**WHAT TO DO**
Every line of the material below should be repeated exactly.

********************

(* Let $d\ge1$ and $q\ge2$ even, and define the polynomials $P^B_{d,q}(x)=\frac{\Gamma(\frac{d+q}{2})}{\pi^{d/2}\Gamma(\frac q2)}P^{(\frac d2,-2)}_{\frac q2+1}(1-2x^2)$ and $R^B_{d,q}(x)=(d-1)\frac{P^{B(1)}_{d,q}(x)}{x}+P^{B(2)}_{d,q}(x)$. Then $P^B_{d,q}$ can be written as $P^B_{d,q}(x)=a_0(x^2-a_1^2)\cdots(x^2-a_{q/2+1}^2)$ with $a_0>0$ when $q\in\{2,6,10,\ldots\}$, $a_0<0$ when $q\in\{4,8,\ldots\}$, and $0<a_1<\cdots<a_{q/2}=a_{q/2+1}=1$. Moreover, for $j=0,\ldots,q-2$, $R^B_{d,q}(x)/x^j$ is monotonically increasing and positive for $x>1$ when $q\in\{2,6,\ldots\}$, and monotonically decreasing and negative for $x>1$ when $q\in\{4,8,\ldots\}$.
   Context: $P^{(\alpha,\beta)}_n$ is the Jacobi polynomial $P_n^{(\alpha,\beta)}(x)=\frac{(-1)^n}{2^nn!}(1-x)^{-\alpha}(1+x)^{-\beta}\frac{d^n}{dx^n}[(1-x)^{n+\alpha}(1+x)^{n+\beta}]$. $P^{B(l)}_{d,q}$ denotes the $l$-th derivative. *)

theory Defs
  imports "HOL-Analysis.Analysis"
begin

text \<open>Jacobi polynomial P_n^(alpha,beta)(x), given by the explicit finite-sum
  expansion of the Rodrigues formula (valid for all real parameters, as a polynomial
  identity in x).\<close>
definition jacobiP :: "nat \<Rightarrow> real \<Rightarrow> real \<Rightarrow> real \<Rightarrow> real" where
  "jacobiP n \<alpha> \<beta> x =
     (\<Sum>s\<le>n. ((real n + \<alpha>) gchoose (n - s)) * ((real n + \<beta>) gchoose s)
              * ((x - 1) / 2) ^ s * ((x + 1) / 2) ^ (n - s))"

********************

**OUTPUT FOR THIS TASK**
(* Let $d\ge1$ and $q\ge2$ even, and define the polynomials $P^B_{d,q}(x)=\frac{\Gamma(\frac{d+q}{2})}{\pi^{d/2}\Gamma(\frac q2)}P^{(\frac d2,-2)}_{\frac q2+1}(1-2x^2)$ and $R^B_{d,q}(x)=(d-1)\frac{P^{B(1)}_{d,q}(x)}{x}+P^{B(2)}_{d,q}(x)$. Then $P^B_{d,q}$ can be written as $P^B_{d,q}(x)=a_0(x^2-a_1^2)\cdots(x^2-a_{q/2+1}^2)$ with $a_0>0$ when $q\in\{2,6,10,\ldots\}$, $a_0<0$ when $q\in\{4,8,\ldots\}$, and $0<a_1<\cdots<a_{q/2}=a_{q/2+1}=1$. Moreover, for $j=0,\ldots,q-2$, $R^B_{d,q}(x)/x^j$ is monotonically increasing and positive for $x>1$ when $q\in\{2,6,\ldots\}$, and monotonically decreasing and negative for $x>1$ when $q\in\{4,8,\ldots\}$.
   Context: $P^{(\alpha,\beta)}_n$ is the Jacobi polynomial $P_n^{(\alpha,\beta)}(x)=\frac{(-1)^n}{2^nn!}(1-x)^{-\alpha}(1+x)^{-\beta}\frac{d^n}{dx^n}[(1-x)^{n+\alpha}(1+x)^{n+\beta}]$. $P^{B(l)}_{d,q}$ denotes the $l$-th derivative. *)

theory Defs
  imports "HOL-Analysis.Analysis"
begin

text \<open>Jacobi polynomial P_n^(alpha,beta)(x), given by the explicit finite-sum
  expansion of the Rodrigues formula (valid for all real parameters, as a polynomial
  identity in x).\<close>
definition jacobiP :: "nat \<Rightarrow> real \<Rightarrow> real \<Rightarrow> real \<Rightarrow> real" where
  "jacobiP n \<alpha> \<beta> x =
     (\<Sum>s\<le>n. ((real n + \<alpha>) gchoose (n - s)) * ((real n + \<beta>) gchoose s)
              * ((x - 1) / 2) ^ s * ((x + 1) / 2) ^ (n - s))"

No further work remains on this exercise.